What is ISO 27001 standard?

The ISO 27001 standard provides a framework for implementing an ISMS, safeguarding your information assets while making the process easier to manage, measure, and improve. It helps you address the three dimensions of information security: Confidentiality, Integrity, and Availability. ISO 27001 also specify requirements for the implementation of security controls customised to the needs of individual organisations through establishing, implementing, operating, monitoring, reviewing, maintaining and improving an Information Security Management System (ISMS).

The design and implementation of an organisation’s ISMS is influenced by their needs and objectives, security requirements, the processes employed and the size and structure of the organisation.

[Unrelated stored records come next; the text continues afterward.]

(* In $\mathbb{Z}[q,q^{-1}][[x,y]]$, \[ A(q,x,y)=\sum_{i=1}^{\infty}q^i[i]!\,x^iy^i\prod_{j=0}^{i}\frac{1}{q^j-q^j[j+1]x+[j]xy}. \]
   Context: $[m]=1+q+\dots+q^{m-1}$ ($[0]=0$), $[i]!=\prod_{m=1}^i[m]$. For $0\le k\le n$, a $\hbox{Le}$-diagram in a $k\times(n-k)$ rectangle is a pair $(\lambda,D)$ with $\lambda=(\lambda_1\ge\dots\ge\lambda_k\ge0)$, $\lambda_1\le n-k$, and $D$ a filling of the Young diagram of $\lambda$ (row $i$ has $\lambda_i$ left-justified boxes, row 1 on top) by $0$'s and $1$'s such that no $0$ has a $1$ above it in its column and a $1$ to its left in its row; its rank is its number of $1$'s. $A_{k,n}(q)=\sum q^{\mathrm{rank}}$ over such diagrams (the generating function of cells of the totally nonnegative Grassmannian $Gr^+_{k,n}$ by dimension), $A_{k,n}(q)=0$ for $n<k$, and $A(q,x,y)=\sum_{k\ge1}\sum_{n\ge0}A_{k,n}(q)x^ny^k$. Each factor $1/(q^j-q^j[j+1]x+[j]xy)$ is its inverse in $\mathbb{Z}[q,q^{-1}][[x,y]]$ (equivalently the expansion of $\frac{1}{q^j(1-[j+1]x)\left(1-\frac{q^{-j}[j]y}{1-[j+1]x}\right)}$). *)

theory Defs
  imports "HOL-Computational_Algebra.Formal_Power_Series"
          "HOL-Computational_Algebra.Formal_Laurent_Series"
begin

text \<open>A Le-diagram in a k x (n-k) rectangle: a partition lam (rows 0..k-1, row 0 on top,
  lam i = 0 for i >= k), weakly decreasing, lam 0 <= n - k, together with a 0/1 filling D
  of the Young diagram (D i j = True means a 1 in row i, column j; D is False outside the
  diagram) satisfying the Le-condition.\<close>

definition in_shape :: "(nat \<Rightarrow> nat) \<Rightarrow> nat \<Rightarrow> nat \<Rightarrow> bool" where
  "in_shape lam i j \<longleftrightarrow> j < lam i"

definition le_diagrams :: "nat \<Rightarrow> nat \<Rightarrow> ((nat \<Rightarrow> nat) \<times> (nat \<Rightarrow> nat \<Rightarrow> bool)) set" where
  "le_diagrams k n = {(lam, D).
      (\<forall>i. k \<le> i \<longrightarrow> lam i = 0) \<and>
      (\<forall>i. lam (Suc i) \<le> lam i) \<and>
      lam 0 \<le> n - k \<and>
      (\<forall>i j. D i j \<longrightarrow> in_shape lam i j) \<and>
      (\<forall>i j. in_shape lam i j \<and> \<not> D i j \<longrightarrow>
          \<not> ((\<exists>i'<i. D i' j) \<and> (\<exists>j'<j. D i j')))}"

definition le_rank :: "(nat \<Rightarrow> nat) \<times> (nat \<Rightarrow> nat \<Rightarrow> bool) \<Rightarrow> nat" where
  "le_rank d = card {(i, j). snd d i j}"

text \<open>Coefficients are taken in rat fls (Laurent series in q over Q), which contains
  Z[q,q^-1] as a subring.\<close>

abbreviation qvar :: "rat fls" where "qvar \<equiv> fls_X"

definition A_kn :: "nat \<Rightarrow> nat \<Rightarrow> rat fls" where
  "A_kn k n = (if n < k then 0 else (\<Sum>d\<in>le_diagrams k n. qvar ^ le_rank d))"

definition qint :: "nat \<Rightarrow> rat fls" where
  "qint m = (\<Sum>i<m. qvar ^ i)"

definition qfact :: "nat \<Rightarrow> rat fls" where
  "qfact i = (\<Prod>m\<in>{1..i}. qint m)"

type_synonym ser = "rat fls fps fps"

definition cst :: "rat fls \<Rightarrow> ser" where
  "cst c = fps_const (fps_const c)"

definition xvar :: ser where "xvar = fps_const fps_X"

definition yvar :: ser where "yvar = fps_X"

definition A_gf :: ser where
  "A_gf = Abs_fps (\<lambda>k. if k = 0 then 0 else Abs_fps (\<lambda>n. A_kn k n))"

definition factor :: "nat \<Rightarrow> ser" where
  "factor j = cst (qvar ^ j) - cst (qvar ^ j * qint (j + 1)) * xvar + cst (qint j) * xvar * yvar"

definition term_i :: "nat \<Rightarrow> ser" where
  "term_i i = cst (qvar ^ i * qfact i) * xvar ^ i * yvar ^ i *
              (\<Prod>j\<in>{0..i}. inverse (factor j))"

end

theory Submission
  imports Defs
begin

(* Build Le-diagrams by adding rows on top. A diagram in a (k+1) x m box whose top row has
   full length m is a diagram in a k x m box together with the set S of columns in which the
   new top row has a 1, and S may be any set of free columns: columns in which no row has a 1
   to the left of a 0. Weighting diagrams by q^rank z^(number of free columns), a new top row
   contributes a polynomial in the number of free columns whose closed form at z = [j+1]
   turns the row-by-row recursion into the functional equation
     (q^j - q^j [j+1] x + [j] x y) G_j = q^j + [j+1] x y G_(j+1)
   for the series G_j of diagrams weighted by [j+1]^(number of free columns).
   As G_0 = 1/(1-x) + A, iterating the equation N times writes A as the first N terms of the
   sum plus a remainder divisible by y^N. *)

lemma sum_Pow_insert:
  assumes "finite A" "b \<notin> A"
  shows "(\<Sum>S\<in>Pow (insert b A). f S) = (\<Sum>S\<in>Pow A. f S) + (\<Sum>S\<in>Pow A. f (insert b S))"
proof -
  have "inj_on (insert b) (Pow A)"
    using assms(2) by (auto intro!: inj_onI)
  moreover have "Pow A \<inter> insert b ` Pow A = {}"
    using assms(2) by blast
  ultimately show ?thesis
    unfolding Pow_insert using assms(1) by (simp add: sum.union_disjoint sum.reindex)
qed

lemma fps_fps_mult_inverse:
  fixes f :: "'a::field fps fps"
  assumes "f $ 0 $ 0 \<noteq> 0"
  shows "f * inverse f = 1"
proof -
  have "f $ 0 * inverse (f $ 0) = 1"
    using assms by (rule inverse_mult_eq_1')
  then show ?thesis
    using fps_right_inverse[of f "inverse (f $ 0)"] by (simp add: fps_inverse_def)
qed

Principles of ISO 27001 standard

ISO 27001 defines how to manage information security through a series of information security management. The ISO 27001 standard is based on the Plan-Do-Check-Act methodology that should be continuously implemented in order to minimise risks to the confidentiality, integrity and availability of information. The phases are as following:

• Plan: Serves to plan the basic organisation of information security, set objectives for information security and choose the appropriate security controls.
• Do: Implement the planned processes.
• Check: Monitor the functioning of the ISMS and measure if the results meet the set objectives.
• Act: Take action to continually improve effectiveness on things that were identified as non-compliant in the previous phase.